[Stored items]
○ ○ ○ ○
(* Suppose that $\kappa = \nu^+$, and $J$ is a $\kappa$-complete ideal on $\kappa$ such that $\clubsuit_\kappa^{{\rm cof},-}[J]$ holds. Then there exist $A^i_\delta \in P_\nu(\kappa\times\kappa)$ for $\delta<\kappa$ and $i<\nu$ such that for any $F : \kappa\to\kappa$, the set $\{\delta<\kappa : \exists i<\nu\,\exists Z\subseteq\delta\,(\sup Z = \delta \text{ and } F|Z \subseteq A^i_\delta)\}$ lies in $J^+$ (where $F|Z$ is identified with its graph $\{(\alpha, F(\alpha)) : \alpha \in Z\}$).
   Context: An ideal on $\kappa$ is a nonempty $J \subseteq P(\kappa)$ with $\kappa \notin J$, every bounded subset of $\kappa$ in $J$, $J$ closed under subsets and under unions of two members; $J^+ = P(\kappa)\setminus J$; $\kappa$-complete means closed under unions of fewer than $\kappa$ members. $P_\rho(X) = \{x\subseteq X : |x|<\rho\}$. $\clubsuit_\kappa^{{\rm cof},-}[J]$: there are $B^i_\delta \in P_{|\delta|}(\delta)$ for $i<\delta<\kappa$ such that for every $W\subseteq\kappa$ of size $\kappa$, $\{\delta<\kappa : \exists i<\delta\,(\sup(W\cap B^i_\delta)=\delta)\}\in J^+$. *)

theory Defs
  imports Main
begin

unbundle cardinal_syntax

text \<open>Ordinals below kappa are modelled by the field of a well-order r which is a
cardinal order (an initial ordinal); alpha < delta means alpha in underS r delta.\<close>

definition ord_sup_eq :: "'a rel \<Rightarrow> 'a set \<Rightarrow> 'a \<Rightarrow> bool" where
  "ord_sup_eq r Z d \<longleftrightarrow> d \<in> Field r \<and> (\<forall>g\<in>Z. (g, d) \<in> r) \<and>
     (\<forall>b\<in>underS r d. \<exists>g\<in>Z. (b, g) \<in> r \<and> b \<noteq> g)"

definition is_ideal_on :: "'a rel \<Rightarrow> 'a set set \<Rightarrow> bool" where
  "is_ideal_on r J \<longleftrightarrow>
     J \<noteq> {} \<and> J \<subseteq> Pow (Field r) \<and> Field r \<notin> J \<and>
     (\<forall>X. X \<subseteq> Field r \<and> (\<exists>b\<in>Field r. X \<subseteq> underS r b) \<longrightarrow> X \<in> J) \<and>
     (\<forall>X Y. X \<in> J \<and> Y \<subseteq> X \<longrightarrow> Y \<in> J) \<and>
     (\<forall>X Y. X \<in> J \<and> Y \<in> J \<longrightarrow> X \<union> Y \<in> J)"

definition complete_ideal :: "'a rel \<Rightarrow> 'a set set \<Rightarrow> bool" where
  "complete_ideal r J \<longleftrightarrow> (\<forall>\<X>. \<X> \<subseteq> J \<and> card_of \<X> <o r \<longrightarrow> \<Union>\<X> \<in> J)"

definition ideal_pos :: "'a rel \<Rightarrow> 'a set set \<Rightarrow> 'a set set" where
  "ideal_pos r J = Pow (Field r) - J"

definition clubsuit_cof_minus :: "'a rel \<Rightarrow> 'a set set \<Rightarrow> bool" where
  "clubsuit_cof_minus r J \<longleftrightarrow>
     (\<exists>B :: 'a \<Rightarrow> 'a \<Rightarrow> 'a set.
        (\<forall>d\<in>Field r. \<forall>i\<in>underS r d.
            B d i \<subseteq> underS r d \<and> card_of (B d i) <o card_of (underS r d)) \<and>
        (\<forall>W. W \<subseteq> Field r \<and> card_of W =o r \<longrightarrow>
            {d \<in> Field r. \<exists>i\<in>underS r d. ord_sup_eq r (W \<inter> B d i) d} \<in> ideal_pos r J))"

end

theory Submission
  imports Defs
begin

text \<open>Fix a map \<open>c\<close> from \<open>\<kappa>\<close> onto \<open>\<kappa> \<times> \<kappa>\<close> all of whose fibres are unbounded in \<open>\<kappa>\<close>, and for
  \<open>\<delta> < \<kappa> = \<nu>\<^sup>+\<close> enumerate \<open>\<delta>\<close> as \<open>j(\<delta>, i)\<close>, \<open>i < \<nu>\<close>; let \<open>A\<^sup>i\<^sub>\<delta> = c[B\<^sup>j\<^sub>\<delta>]\<close> with \<open>j = j(\<delta>, i)\<close>.
  Given \<open>F\<close>, regularity of \<open>\<kappa>\<close> and the unbounded fibres of \<open>c\<close> allow a recursion on \<open>\<xi> < \<kappa>\<close>
  producing points \<open>a(\<xi>) < w(\<xi>)\<close> with \<open>w(\<zeta>) \<le> a(\<xi>)\<close> for all \<open>\<zeta> < \<xi>\<close> and \<open>c(w(\<xi>)) = (a(\<xi>), F(a(\<xi>)))\<close>.
  Apply \<open>\<clubsuit>\<close> to \<open>W = ran w\<close>: if \<open>W \<inter> B\<^sup>j\<^sub>\<delta>\<close> is cofinal in \<open>\<delta>\<close>, then so is
  \<open>Z = {a(\<xi>) | w(\<xi>) \<in> B\<^sup>j\<^sub>\<delta>}\<close>, since the \<open>a\<close>'s interleave the \<open>w\<close>'s, and \<open>F|Z = c[W \<inter> B\<^sup>j\<^sub>\<delta>] \<subseteq> A\<^sup>i\<^sub>\<delta>\<close>.
  So the \<open>J\<close>-positive set given by \<open>\<clubsuit>\<close> is contained in the set of the lemma.\<close>

lemma Card_order_Linear_order: "Card_order r \<Longrightarrow> Linear_order r"
  by (metis card_order_on_well_order_on well_order_on_def)

lemma under_underS_trans:
  "trans r \<Longrightarrow> antisym r \<Longrightarrow> (a, b) \<in> r \<Longrightarrow> b \<in> underS r c \<Longrightarrow> a \<in> underS r c"
  unfolding underS_def by (blast dest: transD antisymD)

lemma underS_trans:
  "trans r \<Longrightarrow> antisym r \<Longrightarrow> a \<in> underS r b \<Longrightarrow> b \<in> underS r c \<Longrightarrow> a \<in> underS r c"
  unfolding underS_def by (blast dest: transD antisymD)

lemma underS_under_trans:
  "trans r \<Longrightarrow> antisym r \<Longrightarrow> a \<in> underS r b \<Longrightarrow> (b, c) \<in> r \<Longrightarrow> a \<in> underS r c"
  unfolding underS_def by (blast dest: transD antisymD)

lemma Linear_order_le_or_underS:
  "Linear_order r \<Longrightarrow> a \<in> Field r \<Longrightarrow> b \<in> Field r \<Longrightarrow> (a, b) \<in> r \<or> b \<in> underS r a"
  using Linear_order_in_diff_Id unfolding underS_def by fastforce

lemma Linear_order_finite_has_greatest:
  assumes "Linear_order r" and "finite X" and "X \<noteq> {}" and "X \<subseteq> Field r"
  shows "\<exists>m\<in>X. \<forall>x\<in>X. (x, m) \<in> r"
  using assms(2-4)
proof (induction X rule: finite_ne_induct)
  case (singleton x)
  have "Refl r" using assms(1) by (simp add: order_on_defs)
  then show ?case using singleton by (simp add: refl_onD)
next
  case (insert x X)
  then obtain m where m: "m \<in> X" "\<forall>y\<in>X. (y, m) \<in> r" by blast
  have "x \<in> Field r" "m \<in> Field r" using insert.prems m(1) by auto
  then consider "(x, m) \<in> r" | "m \<in> underS r x"
    using Linear_order_le_or_underS[OF assms(1)] by blast
  then show ?case
  proof cases
    case 1
    then show ?thesis using m by blast
  next
    case 2
    have "Refl r" "trans r" using assms(1) by (simp_all add: order_on_defs)
    then have "(x, x) \<in> r" using \<open>x \<in> Field r\<close> by (simp add: refl_onD)
    then show ?thesis using m 2 \<open>trans r\<close> unfolding underS_def by (blast dest: transD)
  qed
qed

lemma ord_sup_eq_infinite:
  assumes "Linear_order r" and "ord_sup_eq r Z d" and "Z \<subseteq> underS r d" and "underS r d \<noteq> {}"
  shows "infinite Z"
proof
  assume "finite Z"
  obtain b where "b \<in> underS r d" using assms(4) by blast
  then have "Z \<noteq> {}" using assms(2) unfolding ord_sup_eq_def by blast
  moreover have "Z \<subseteq> Field r" using assms(3) Order_Relation.underS_Field by (rule subset_trans)
  ultimately obtain m where m: "m \<in> Z" "\<forall>z\<in>Z. (z, m) \<in> r"
    using Linear_order_finite_has_greatest[OF assms(1) \<open>finite Z\<close>] by blast
  then have "m \<in> underS r d" using assms(3) by blast
  then obtain g where g: "g \<in> Z" "(m, g) \<in> r" "m \<noteq> g"
    using assms(2) unfolding ord_sup_eq_def by blast
  have "antisym r" using assms(1) by (simp add: order_on_defs)
  then show False using g m(2) antisymD by metis
qed

lemma ideal_pos_nonempty: "is_ideal_on r J \<Longrightarrow> S \<in> ideal_pos r J \<Longrightarrow> S \<noteq> {}"
  unfolding is_ideal_on_def ideal_pos_def by blast

lemma ideal_pos_mono:
  assumes "is_ideal_on r J" and "S \<in> ideal_pos r J" and "S \<subseteq> T" and "T \<subseteq> Field r"
  shows "T \<in> ideal_pos r J"
  using assms unfolding is_ideal_on_def ideal_pos_def by blast

lemma clubsuit_cof_minus_infinite:
  assumes "Card_order r" and "is_ideal_on r J" and "clubsuit_cof_minus r J"
  shows "infinite (Field r)"
proof -
  obtain B where B_sub: "\<forall>d\<in>Field r. \<forall>i\<in>underS r d. B d i \<subseteq> underS r d"
    and B_guess: "\<forall>W. W \<subseteq> Field r \<and> |W| =o r \<longrightarrow>
      {d \<in> Field r. \<exists>i\<in>underS r d. ord_sup_eq r (W \<inter> B d i) d} \<in> ideal_pos r J"
    using assms(3) unfolding clubsuit_cof_minus_def by blast
  have "{d \<in> Field r. \<exists>i\<in>underS r d. ord_sup_eq r (Field r \<inter> B d i) d} \<in> ideal_pos r J"
    using B_guess card_of_Field_ordIso[OF assms(1)] by simp
  then have "{d \<in> Field r. \<exists>i\<in>underS r d. ord_sup_eq r (Field r \<inter> B d i) d} \<noteq> {}"
    using ideal_pos_nonempty[OF assms(2)] by blast
  then obtain d i where d: "d \<in> Field r" and i: "i \<in> underS r d"
    and sup: "ord_sup_eq r (Field r \<inter> B d i) d" by blast
  have "Field r \<inter> B d i \<subseteq> underS r d" using B_sub d i by blast
  then have "infinite (Field r \<inter> B d i)"
    using ord_sup_eq_infinite[OF Card_order_Linear_order[OF assms(1)] sup] i by blast
  then show ?thesis by (meson finite_Int)
qed

lemma card_of_under_ordLess:
  assumes "Card_order r" and "infinite (Field r)" and "a \<in> Field r"
  shows "|under r a| <o r"
proof -
  obtain b where b: "b \<in> Field r" "a \<in> underS r b"
    using infinite_Card_order_limit[OF assms] by (auto simp: underS_def)
  have "trans r" "antisym r" using Card_order_Linear_order[OF assms(1)] by (simp_all add: order_on_defs)
  then have "under r a \<subseteq> underS r b"
    using b(2) under_underS_trans unfolding under_def by fast
  then show ?thesis using card_of_mono1 card_of_underS[OF assms(1) b(1)] ordLeq_ordLess_trans by blast
qed

lemma Card_order_map_with_unbounded_fibres:
  assumes "Card_order r" and "infinite (Field r)" and "X \<noteq> {}" and "|X| \<le>o r"
  shows "\<exists>c. c ` Field r \<subseteq> X \<and> (\<forall>x\<in>X. \<forall>a\<in>Field r. \<exists>\<gamma>\<in>Field r. a \<in> underS r \<gamma> \<and> c \<gamma> = x)"
proof -
  have r_card: "|Field r| =o r" using card_of_Field_ordIso[OF assms(1)] .
  have "|X| \<le>o |Field r|" using assms(4) ordLeq_ordIso_trans ordIso_symmetric[OF r_card] by blast
  then have "|Field r \<times> X| \<le>o |Field r|"
    using card_of_Times_infinite[OF assms(2,3)] ordIso_iff_ordLeq by blast
  then obtain g where g: "g ` Field r = Field r \<times> X"
    using card_of_ordLeq2[of "Field r \<times> X" "Field r"] assms(2,3) by fastforce
  have "\<exists>\<gamma>\<in>Field r. a \<in> underS r \<gamma> \<and> snd (g \<gamma>) = x" if x: "x \<in> X" and a: "a \<in> Field r" for x a
  proof (rule ccontr)
    assume none: "\<not> ?thesis"
    have covered: "Field r \<times> {x} \<subseteq> g ` under r a"
    proof
      fix y assume y: "y \<in> Field r \<times> {x}"
      then have "y \<in> g ` Field r" using g x by auto
      then obtain \<gamma> where \<gamma>: "\<gamma> \<in> Field r" "g \<gamma> = y" by blast
      then have "snd (g \<gamma>) = x" using y by auto
      then have "a \<notin> underS r \<gamma>" using none \<gamma>(1) by blast
      then have "(\<gamma>, a) \<in> r"
        using Linear_order_le_or_underS[OF Card_order_Linear_order[OF assms(1)] \<gamma>(1) a] by blast
      then show "y \<in> g ` under r a" using \<gamma>(2) unfolding under_def by blast
    qed
    have "|Field r| \<le>o |Field r \<times> {x}|" by (rule card_of_Times1) simp
    also have "|Field r \<times> {x}| \<le>o |g ` under r a|" using covered by (rule card_of_mono1)
    also have "|g ` under r a| \<le>o |under r a|" by (rule card_of_image)
    also have "|under r a| <o r" by (rule card_of_under_ordLess[OF assms(1,2) a])
    finally have "|Field r| <o r" .
    then show False using r_card not_ordLess_ordIso by blast
  qed
  moreover have "(snd \<circ> g) ` Field r \<subseteq> X" unfolding image_comp[symmetric] g by auto
  ultimately show ?thesis by (intro exI[of _ "snd \<circ> g"]) auto
qed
○ ○ ○ ○
- **Problem description**:
Give the number of lines in the data above that contain the word "auto", with no accompanying text.

- **Response below**:
6